If you want a head of healthy, shiny hair, pomegranate isn’t the answer. Not that you shouldn't eat this delectable fruit, but foods rich in protein, complex carbs, iron, zinc, folic acid and B vitamins are better options. Protein is by far the best. Think of it as the building block for your hair. Complex carbs, on the other hand, act almost as a glue that holds the protein together, while the other nutrients do wonders for encouraging proper hair growth. Brian Thompson, a specialist on hair and scalp health at the Philip Kingsley Trichological Centre, suggests eating more lean beef, egg whites, brown rice, salmon, cottage cheese and even bacon — yes, bacon — to attain the healthiest mane.

Hair Loss

If hair loss is a problem, eating more pomegranate isn’t likely to help. Although it is rich in tannins, flavonols and anthocyanins, these compounds do nothing to really get at the cause of baldness, which is often due to hormonal changes. To get a thicker head of hair, talk to your doctor. She can recommend the best form of treatment. For men, this is usually finasteride or minoxidil. Women can benefit from minoxidil too, but drugs that balance hormone levels, such as spironolactone, cimetidine and oral contraceptives, can also help fill in any thinning with new hair growth.

Skin Health

While pomegranate doesn’t do much for hair health, don’t go chucking it in the garbage.

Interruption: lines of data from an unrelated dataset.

lemma hausdorff_dist_eq_0_iff:
  fixes A B :: "'a::metric_space set"
  assumes "compact A" "compact B" "A \<noteq> {}" "B \<noteq> {}"
  shows "hausdorff_dist A B = 0 \<longleftrightarrow> A = B"
  using hausdorff_dist_le_iff[OF assms, of 0] hausdorff_dist_nonneg[of A B]
  by (metis dist_le_zero_iff dual_order.antisym subsetI subset_antisym)

lemma hausdorff_dist_singletons [simp]: "hausdorff_dist {a} {b} = dist a b"
  by (simp add: hausdorff_dist_def dist_commute)

lemma dist_le_hausdorff_dist_singleton:
  fixes A :: "'a::metric_space set"
  assumes "bounded A" "a \<in> A"
  shows "dist a y \<le> hausdorff_dist A {y}"
proof -
  have "dist a y = infdist a {y}" by simp
  also have "\<dots> \<le> (SUP a\<in>A. infdist a {y})"
    using assms by (intro cSUP_upper bdd_above_infdist_image) auto
  also have "\<dots> \<le> hausdorff_dist A {y}"
    using assms unfolding hausdorff_dist_def by auto
  finally show ?thesis .
qed

section \<open>The hyperspace of a compact metric space\<close>

lemma hyperspaceD:
  assumes "compact X" "A \<in> hyperspace X"
  shows "compact A" "A \<noteq> {}" "A \<subseteq> X"
  using assms compact_Int_closed[of X A] unfolding hyperspace_def by (auto simp: Int_absorb1)

lemma Metric_space_hyperspace:
  assumes "compact X"
  shows "Metric_space (hyperspace X) hausdorff_dist"
proof
  fix A B C assume A: "A \<in> hyperspace X" and B: "B \<in> hyperspace X" and C: "C \<in> hyperspace X"
  show "hausdorff_dist A B = 0 \<longleftrightarrow> A = B"
    using hyperspaceD[OF assms A] hyperspaceD[OF assms B] by (simp add: hausdorff_dist_eq_0_iff)
  show "hausdorff_dist A C \<le> hausdorff_dist A B + hausdorff_dist B C"
    using hyperspaceD[OF assms A] hyperspaceD[OF assms B] hyperspaceD[OF assms C]
    by (intro hausdorff_dist_triangle)
qed (auto intro: hausdorff_dist_nonneg hausdorff_dist_commute)

lemma hausdorff_dist_image_less:
  fixes f :: "'a::metric_space \<Rightarrow> 'b::metric_space"
  assumes "compact X" "continuous_on X f" "e > 0"
  obtains d where "d > 0" and "\<And>A B. A \<in> hyperspace X \<Longrightarrow> B \<in> hyperspace X \<Longrightarrow>
      hausdorff_dist A B < d \<Longrightarrow> hausdorff_dist (f ` A) (f ` B) < e"
proof -
  have "uniformly_continuous_on X f" by (rule compact_uniformly_continuous[OF assms(2,1)])
  moreover have "e/2 > 0" using assms(3) by simp
  ultimately obtain d where d: "d > 0" "\<forall>x\<in>X. \<forall>x'\<in>X. dist x' x < d \<longrightarrow> dist (f x') (f x) < e/2"
    unfolding uniformly_continuous_on_def by blast
  have image_less: "hausdorff_dist (f ` A) (f ` B) < e"
    if "A \<in> hyperspace X" "B \<in> hyperspace X" and AB: "hausdorff_dist A B < d" for A B
  proof -
    note A = hyperspaceD[OF assms(1) that(1)] and B = hyperspaceD[OF assms(1) that(2)]
    have compact: "compact (f ` A)" "compact (f ` B)"
      using A B by (auto intro: compact_continuous_image continuous_on_subset[OF assms(2)])
    have nonempty: "f ` A \<noteq> {}" "f ` B \<noteq> {}" using A(2) B(2) by auto
    have "hausdorff_dist (f ` A) (f ` B) \<le> e/2"
      unfolding hausdorff_dist_le_iff[OF compact nonempty]
    proof (intro conjI ballI)
      fix a' assume "a' \<in> f ` A"
      then obtain a b where "a' = f a" "a \<in> A" "b \<in> B" "dist a b < d"
        using hausdorff_dist_less_left[OF A(1) B(1) A(2) B(2) AB] by blast
      then have "dist (f a) (f b) < e/2" using d(2) A(3) B(3) by (auto simp: dist_commute)
      then show "\<exists>b'\<in>f ` B. dist a' b' \<le> e/2"
        using \<open>a' = f a\<close> \<open>b \<in> B\<close> by (intro bexI[of _ "f b"]) auto
    next
      fix b' assume "b' \<in> f ` B"
      then obtain a b where "b' = f b" "a \<in> A" "b \<in> B" "dist a b < d"
        using hausdorff_dist_less_right[OF A(1) B(1) A(2) B(2) AB] by blast
      then have "dist (f a) (f b) < e/2" using d(2) A(3) B(3) by (auto simp: dist_commute)
      then show "\<exists>a'\<in>f ` A. dist a' b' \<le> e/2"
        using \<open>b' = f b\<close> \<open>a \<in> A\<close> by (intro bexI[of _ "f a"]) auto
    qed
    then show ?thesis using \<open>e > 0\<close> by linarith
  qed
  show ?thesis using d(1) image_less by (rule that)
qed

lemma hausdorff_dist_le_subset_of_net:
  fixes A N :: "'a::metric_space set"
  assumes "compact A" "A \<noteq> {}" "finite N" "A \<subseteq> (\<Union>k\<in>N. ball k r)"
  obtains S where "S \<subseteq> N" "S \<noteq> {}" "hausdorff_dist S A \<le> r"
proof -
  define S where "S = {k\<in>N. \<exists>a\<in>A. dist a k < r}"
  have near: "\<exists>k\<in>S. dist k a \<le> r" if "a \<in> A" for a
  proof -
    have "a \<in> (\<Union>k\<in>N. ball k r)" using assms(4) \<open>a \<in> A\<close> by blast
    then obtain k where "k \<in> N" "dist k a < r" by auto
    then have "k \<in> S" using \<open>a \<in> A\<close> unfolding S_def by (auto simp: dist_commute)
    with \<open>dist k a < r\<close> show ?thesis by (auto intro!: bexI[of _ k])
  qed
  have "S \<subseteq> N" unfolding S_def by blast
  have "S \<noteq> {}" using near assms(2) by blast
  have "finite S" using \<open>S \<subseteq> N\<close> assms(3) by (rule finite_subset)
  then have "compact S" by (rule finite_imp_compact)
  have "\<forall>k\<in>S. \<exists>a\<in>A. dist k a \<le> r"
    using less_imp_le by (fastforce simp: S_def dist_commute)
  then have "hausdorff_dist S A \<le> r"
    unfolding hausdorff_dist_le_iff[OF \<open>compact S\<close> assms(1) \<open>S \<noteq> {}\<close> assms(2)] using near by blast
  with \<open>S \<subseteq> N\<close> \<open>S \<noteq> {}\<close> show ?thesis by (rule that)
qed

lemma mtotally_bounded_hyperspace:
  assumes "compact X"
  shows "Metric_space.mtotally_bounded (hyperspace X) hausdorff_dist (hyperspace X)"
proof -
  interpret H: Metric_space "hyperspace X" hausdorff_dist
    by (rule Metric_space_hyperspace[OF assms])
  show ?thesis unfolding H.mtotally_bounded_def
  proof (intro allI impI)
    fix e :: real assume e: "e > 0"
    have "e/2 > 0" using e by simp
    then obtain N where N: "finite N" "N \<subseteq> X" "X \<subseteq> (\<Union>k\<in>N. ball k (e/2))"
      using seq_compact_imp_totally_bounded[OF compact_imp_seq_compact[OF assms], rule_format, OF \<open>e/2 > 0\<close>]
      by (elim exE conjE)
    have net: "Pow N - {{}} \<subseteq> hyperspace X"
      using N(1,2) unfolding hyperspace_def by (auto intro: finite_imp_closed rev_finite_subset)
    have "hyperspace X \<subseteq> (\<Union>S\<in>Pow N - {{}}. H.mball S e)"
    proof
      fix A assume A: "A \<in> hyperspace X"
      note A' = hyperspaceD[OF assms A]
      have "A \<subseteq> (\<Union>k\<in>N. ball k (e/2))" using A'(3) N(3) by (rule subset_trans)
      then obtain S where S: "S \<subseteq> N" "S \<noteq> {}" "hausdorff_dist S A \<le> e/2"
        by (rule hausdorff_dist_le_subset_of_net[OF A'(1,2) N(1)])
      then have "S \<in> Pow N - {{}}" by blast
      moreover have "S \<in> hyperspace X" using \<open>S \<in> Pow N - {{}}\<close> net by blast
      then have "A \<in> H.mball S e" using A S(3) e by simp
      ultimately show "A \<in> (\<Union>S\<in>Pow N - {{}}. H.mball S e)" by blast
    qed
    moreover have "finite (Pow N - {{}})" using N(1) by simp
    ultimately show "\<exists>K. finite K \<and> K \<subseteq> hyperspace X \<and> hyperspace X \<subseteq> (\<Union>S\<in>K. H.mball S e)"
      using net by blast
  qed
qed

definition kuratowski_limsup :: "(nat \<Rightarrow> 'a::topological_space set) \<Rightarrow> 'a set" where
  "kuratowski_limsup S = (\<Inter>N. closure (\<Union>n\<in>{N..}. S n))"

lemma closed_kuratowski_limsup: "closed (kuratowski_limsup S)"
  unfolding kuratowski_limsup_def by blast

lemma kuratowski_limsup_subset:
  assumes "closed X" "\<And>n. S n \<subseteq> X"
  shows "kuratowski_limsup S \<subseteq> X"
proof -
  have "closure (\<Union>n\<in>{0..}. S n) \<subseteq> X" using assms by (intro closure_minimal) auto
  then show ?thesis unfolding kuratowski_limsup_def by blast
qed

lemma mem_kuratowski_limsup_iff:
  fixes S :: "nat \<Rightarrow> 'a::metric_space set"
  shows "x \<in> kuratowski_limsup S \<longleftrightarrow> (\<forall>N. \<forall>e>0. \<exists>n\<ge>N. \<exists>y\<in>S n. dist y x < e)"
  by (simp add: kuratowski_limsup_def closure_approachable) blast

lemma kuratowski_limsup_close_to_tail:
  fixes S :: "nat \<Rightarrow> 'a::metric_space set"
  assumes "\<And>n. compact (S n)" "\<And>n. S n \<noteq> {}"
    and Cauchy: "\<And>m n. N \<le> m \<Longrightarrow> N \<le> n \<Longrightarrow> hausdorff_dist (S m) (S n) < e"
    and "N \<le> n" "x \<in> kuratowski_limsup S"
  obtains z where "z \<in> S n" "dist x z < 2 * e"
proof -
  have "e > 0" using Cauchy[of N N] hausdorff_dist_nonneg[of "S N" "S N"] by simp
  then obtain m y where "N \<le> m" "y \<in> S m" "dist y x < e"
    using assms(5) unfolding mem_kuratowski_limsup_iff by blast
  obtain z where "z \<in> S n" "dist y z < e"
    by (rule hausdorff_dist_less_left[OF assms(1,1,2,2) Cauchy[OF \<open>N \<le> m\<close> \<open>N \<le> n\<close>] \<open>y \<in> S m\<close>])
  have "dist x z \<le> dist y x + dist y z" by (rule dist_triangle3)
  then have "dist x z < 2 * e" using \<open>dist y x < e\<close> \<open>dist y z < e\<close> by linarith
  with \<open>z \<in> S n\<close> show ?thesis by (rule that)
qed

This “super” fruit is filled with antioxidants, which can go a long way toward improving the health of your skin, and even your scalp. In fact, a study published in the February 2006 issue of the “Journal of Ethnopharmacology” found that this fruit stimulates keratinocyte proliferation. Keratinocytes are the cells that make up the outermost layer of your skin. As their number increases, the skin is better able to repair itself. Unfortunately, this benefit doesn't apply to your hair — at least not specifically.

Other Benefits

Besides improving skin health, pomegranate is good for your insides. And a healthy inside often means a healthy-looking outside. The antioxidants help fight off free radicals that can damage cells and inhibit their function, a phenomenon that wreaks havoc on your health. The juice of the pomegranate also reverses a narrowing of the blood vessels associated with conditions like high blood pressure, high blood cholesterol and coronary artery disease.